Incarico di Amministratore in Società pubbliche: gratuità anche se l’elezione a cariche locali avviene successivamente

Corte dei conti Veneto, Delibera n. 300 del 10 settembre 2024

Nella fattispecie in esame, viene chiesto se, alla luce dell’art. 1, comma 718, della Legge n. 296/2006, l’elezione a Consigliere comunale, avvenuta successivamente all’incarico di membro dell’Organo di amministrazione di una Società di capitali, impedisca il pagamento di qualsiasi compenso a carico della Società stessa. La Sezione rileva che l’art. 1, comma 718, della Legge n. 296/2006, si applica anche nel caso in cui una persona venga eletta Consigliere comunale dopo essere stata nominata membro dell’Organo di amministrazione di una Società di capitali. Questo comporta il divieto di ricevere compensi dalla Società stessa. La norma si basa sul Principio che, per evitare un aumento della spesa pubblica, chi assume incarichi elettivi in Enti Locali e partecipa all’amministrazione di Società partecipate da questi Enti non ha diritto ad emolumenti da parte delle Società. Questo divieto si applica, sia agli incarichi assunti prima che dopo l’elezione.

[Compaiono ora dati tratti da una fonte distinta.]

(* Let $G=(V_1,\ldots,V_p,E)$ be a finite $p$-partite graph viewed as a network in which each vertex is a node that can send messages to its neighbors, and let $k_1,\ldots,k_p$ be nonnegative integers. If every node runs the distributed peeling protocol described in the context with threshold $k(v)=k_i$ for $v\in V_i$, then once no messages remain in transit, the subgraph of $G$ induced by the nodes that are still active equals $G(k_1,\ldots,k_p)$.
   Context: A $p$-partite graph $G=(V_1,\ldots,V_p,E)$ has vertex set partitioned into disjoint sets $V_1,\ldots,V_p$ with no edges inside any $V_i$. $G(k_1,\ldots,k_p)$ denotes the largest subgraph of $G$ in which every vertex of $V_i$ has degree at least $k_i$ for every $i$ (unique, possibly empty). Distributed peeling protocol with thresholds $k(v)$: each node $v$ keeps a counter $degree$, initialized to $\deg_G(v)$, and a status, initially active. Initially, if $degree<k(v)$, node $v$ sends an "off" message to each of its neighbors and becomes inactive. An active node, upon receiving a message, sets $degree=degree-1$; if then $degree<k(v)$, it sends an "off" message to each of its neighbors and becomes inactive. An inactive node remains inactive and ignores all incoming messages. *)

theory Defs
  imports Main "HOL-Library.Multiset"
begin

definition finite_graph :: "'a set \<Rightarrow> ('a \<times> 'a) set \<Rightarrow> bool" where
  "finite_graph V E \<longleftrightarrow> finite V \<and> E \<subseteq> V \<times> V \<and> sym E \<and> irrefl E"

(* p-partite: part assigns to each vertex its class index in {1..p};
   no edge joins two vertices of the same class. V_i = {v \<in> V. part v = i}. *)
definition p_partite :: "nat \<Rightarrow> 'a set \<Rightarrow> ('a \<times> 'a) set \<Rightarrow> ('a \<Rightarrow> nat) \<Rightarrow> bool" where
  "p_partite p V E part \<longleftrightarrow> finite_graph V E \<and> (\<forall>v\<in>V. part v \<in> {1..p})
     \<and> (\<forall>(u,v)\<in>E. part u \<noteq> part v)"

definition nbrs :: "('a \<times> 'a) set \<Rightarrow> 'a \<Rightarrow> 'a set" where
  "nbrs E v = {u. (v,u) \<in> E}"

definition is_subgraph :: "'a set \<Rightarrow> ('a \<times> 'a) set \<Rightarrow> 'a set \<times> ('a \<times> 'a) set \<Rightarrow> bool" where
  "is_subgraph V E H \<longleftrightarrow> fst H \<subseteq> V \<and> snd H \<subseteq> E \<and> snd H \<subseteq> fst H \<times> fst H \<and> sym (snd H)"

definition deg_ok_subgraph ::
  "'a set \<Rightarrow> ('a \<times> 'a) set \<Rightarrow> ('a \<Rightarrow> nat) \<Rightarrow> (nat \<Rightarrow> nat) \<Rightarrow> 'a set \<times> ('a \<times> 'a) set \<Rightarrow> bool" where
  "deg_ok_subgraph V E part kk H \<longleftrightarrow> is_subgraph V E H \<and>
     (\<forall>v\<in>fst H. card (nbrs (snd H) v) \<ge> kk (part v))"

definition subgraph_le :: "'a set \<times> ('a \<times> 'a) set \<Rightarrow> 'a set \<times> ('a \<times> 'a) set \<Rightarrow> bool" where
  "subgraph_le H H' \<longleftrightarrow> fst H \<subseteq> fst H' \<and> snd H \<subseteq> snd H'"

definition G_core ::
  "'a set \<Rightarrow> ('a \<times> 'a) set \<Rightarrow> ('a \<Rightarrow> nat) \<Rightarrow> (nat \<Rightarrow> nat) \<Rightarrow> 'a set \<times> ('a \<times> 'a) set" where
  "G_core V E part kk = (THE H. deg_ok_subgraph V E part kk H \<and>
      (\<forall>H'. deg_ok_subgraph V E part kk H' \<longrightarrow> subgraph_le H' H))"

La legge mira a contenere i costi degli Organi pubblici, in linea con altre norme analoghe. Anche la giurisprudenza costituzionale ha affermato che, pur potendo le leggi incidere sui rapporti contrattuali, questo intervento non è considerato retroattivo o arbitrario quando la gratuità degli incarichi è stabilita da tempo, e chi decide di candidarsi ne è a conoscenza.